Minneapolis Star Tribune Article 11-15-11

Put your best foot (and paw) forward

  • Article by: CHERI MOON , Special to the Star Tribune
  • Updated: November 15, 2011 – 10:14 AM

If you want to show your support for a charity, here’s one unusual (but effective) way to do it.

It’s loud. It’s chaotic. It always is at the beginning of a race. Some participants laugh, casually preparing their teams. Others lie in their sleds, waiting.

My feather boa pales in comparison to the inventive costumes that pepper the snow-covered Gunflint Lake with pink. One creative soul is sporting butterfly wings, another is wearing an enormous, fuchsia-colored Marge Simpson wig. The grin on my face splits into laughter as “Captain Mammogram” drives by on a pink snowmobile enhanced with fake breasts.

Each winter, volunteers, mushers and their dogs — decked in pink paraphernalia — converge on Gunflint Lake in Grand Marais, Minn., to participate in Mush for a Cure. Touted as a “FUNdraiser”, the event is a non-competitive sled dog run that donates its proceeds to institutions working to find a cure for breast cancer.

Mush for a Cure combines good humor, the Minnesota wilderness and dog sledding to support an important cause. For these reasons and more, my personal stance in the fight against breast cancer is from the back of a dog sled.

Mary Black, former proprietor of Black Magic Kennels, along with Sue Prom, owner of Voyageur Canoe Outfitters and founder of Pink Paddles, pioneered Mush for a Cure in 2007.

Prom started Pink Paddles in 2005 to raise money for breast cancer prevention.
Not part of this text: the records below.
section \<open>The Kalman estimate\<close>

lemma polynomial_function_symb: "polynomial_function (\<lambda>\<xi>. symb A Ba \<xi> $ i $ j)"
proof -
  have "polynomial_function (\<lambda>\<xi>::real. complex_of_real \<xi>)"
    by (intro polynomial_function_bounded_linear bounded_linear_of_real)
  then show ?thesis
    by (auto simp: symb_def cmat_def intro!: polynomial_function_add polynomial_function_complex_mult)
qed

lemma polynomial_function_kalman_block:
  "polynomial_function (\<lambda>\<xi>. (cmat Bs ** matpow (symb A Ba \<xi>) k) $ i $ j)"
  by (intro polynomial_function_matrix_mult polynomial_function_matpow polynomial_function_symb) auto

lemma sum_powi_weighted_lower_bound:
  fixes t :: real and q :: "nat \<Rightarrow> real"
  assumes "1 \<le> t" and "\<And>k. 0 \<le> q k" and "a \<le> t ^ e * (\<Sum>k\<le>K. q k)"
  shows "t powi (- 2 * int (K + e)) * a \<le> (\<Sum>k\<le>K. t powi (- 2 * int k) * q k)"
proof -
  have "t powi (- 2 * int (K + e)) * a
      \<le> t powi (- 2 * int (K + e)) * (t ^ e * (\<Sum>k\<le>K. q k))"
    using assms(1,3) by (intro mult_left_mono) auto
  also have "\<dots> = t powi (- 2 * int K - int e) * (\<Sum>k\<le>K. q k)"
  proof -
    have "t powi (- 2 * int K - int e) = t powi (- 2 * int (K + e) + int e)"
      by (rule arg_cong[where f = "power_int t"]) simp
    also have "\<dots> = t powi (- 2 * int (K + e)) * t ^ e"
      using assms(1) by (subst power_int_add) auto
    finally show ?thesis by (simp add: mult.assoc)
  qed
  also have "\<dots> \<le> (\<Sum>k\<le>K. t powi (- 2 * int k) * q k)"
    unfolding sum_distrib_left
    using assms(1,2) by (intro sum_mono mult_right_mono power_int_increasing) auto
  finally show ?thesis .
qed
A year later, she and Black partnered to establish the pledge-based dogsled run.

“After two fellow dog mushers were diagnosed with breast cancer, I wanted to do something to help make a difference,” said Black.

In March 2007, four women participated in the inaugural Mush for a Cure, raising $2,500. By 2010 the event had grown to 52 participants and raised more than $23,000.

To date, Mush for a Cure has donated over $100,000 to the National Breast Cancer Foundation and attracts professional and recreational mushers from throughout the Midwest and Canada.

The event has what’s called a “sourdough start”, which means mushers are in their sleeping bags with their boots off. When the start gun blasts, we pull on our boots, hitch up our teams and head down the trail.

The roughly four-hour run weaves through the Minnesota wilderness and ends at the Trail Center Lodge, where the celebration and awards ceremony culminate with the Bald, Brave and Beautiful head-shaving event. Along the way, volunteers and spectators cheer mushers and their teams, pink costumes flapping in the wind while the dogs pant in their pink tutus.

Although the event is characterized by humor, many of the participants are there to honor those who have lost the battle against breast cancer — and those who have beaten it, or are still fighting it.

The 2009 event honoree was Shelly Stetson, who lost a four-year battle with breast cancer at the age of 41. She and her husband John trained their sled dogs in Churchill, Manitoba, where polar bear encounters weren’t uncommon. By all accounts, she was one tough lady. “She wielded a shotgun like a state trooper — with a baby on her back,” said John.

If breast cancer can beat a woman like that, it can defeat anyone — and that’s why we mush for a cure.

Cheri Moon is a freelance writer in Northfield, Minn.